Data for analysis Block Start
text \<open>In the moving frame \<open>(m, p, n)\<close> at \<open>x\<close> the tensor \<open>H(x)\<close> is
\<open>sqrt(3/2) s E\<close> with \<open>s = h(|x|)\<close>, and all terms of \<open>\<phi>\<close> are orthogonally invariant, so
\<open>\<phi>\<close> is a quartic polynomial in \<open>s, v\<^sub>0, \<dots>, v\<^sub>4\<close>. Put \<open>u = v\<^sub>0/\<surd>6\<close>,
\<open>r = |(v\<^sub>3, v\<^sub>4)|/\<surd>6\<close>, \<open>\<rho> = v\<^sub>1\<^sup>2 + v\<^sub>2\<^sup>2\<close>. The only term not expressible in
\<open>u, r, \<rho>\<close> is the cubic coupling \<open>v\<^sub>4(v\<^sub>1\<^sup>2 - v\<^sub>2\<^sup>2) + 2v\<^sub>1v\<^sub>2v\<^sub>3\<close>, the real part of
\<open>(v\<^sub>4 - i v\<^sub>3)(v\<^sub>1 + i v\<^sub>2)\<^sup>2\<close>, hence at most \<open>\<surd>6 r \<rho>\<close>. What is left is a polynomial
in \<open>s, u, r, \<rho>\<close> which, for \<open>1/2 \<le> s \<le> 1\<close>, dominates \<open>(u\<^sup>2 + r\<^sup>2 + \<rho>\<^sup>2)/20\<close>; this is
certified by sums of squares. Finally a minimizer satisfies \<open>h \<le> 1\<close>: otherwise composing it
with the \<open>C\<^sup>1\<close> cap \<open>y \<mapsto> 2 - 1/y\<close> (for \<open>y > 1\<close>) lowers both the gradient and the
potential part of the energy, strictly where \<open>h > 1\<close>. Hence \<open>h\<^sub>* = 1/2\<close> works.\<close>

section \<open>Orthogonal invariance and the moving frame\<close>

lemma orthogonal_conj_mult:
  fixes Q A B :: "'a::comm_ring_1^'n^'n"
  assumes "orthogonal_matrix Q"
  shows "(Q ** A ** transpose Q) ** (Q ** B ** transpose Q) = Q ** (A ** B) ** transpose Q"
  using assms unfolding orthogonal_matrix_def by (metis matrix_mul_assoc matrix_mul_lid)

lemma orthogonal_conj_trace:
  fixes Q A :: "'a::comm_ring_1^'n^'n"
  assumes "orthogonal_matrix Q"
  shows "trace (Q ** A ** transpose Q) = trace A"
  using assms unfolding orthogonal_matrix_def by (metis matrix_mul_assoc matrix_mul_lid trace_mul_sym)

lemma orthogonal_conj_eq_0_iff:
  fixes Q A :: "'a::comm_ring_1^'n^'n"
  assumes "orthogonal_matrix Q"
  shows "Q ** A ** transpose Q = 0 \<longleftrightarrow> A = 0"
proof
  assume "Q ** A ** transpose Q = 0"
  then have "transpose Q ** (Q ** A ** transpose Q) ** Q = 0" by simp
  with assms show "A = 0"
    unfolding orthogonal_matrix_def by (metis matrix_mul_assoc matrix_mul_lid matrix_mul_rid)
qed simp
Data for analysis Block End
__Task to complete__
In the listing above, find every line with the word "assms" and copy it out.

__Output of the exercise__
  using assms unfolding orthogonal_matrix_def by (metis matrix_mul_assoc matrix_mul_lid)
  using assms unfolding orthogonal_matrix_def by (metis matrix_mul_assoc matrix_mul_lid trace_mul_sym)
  with assms show "A = 0"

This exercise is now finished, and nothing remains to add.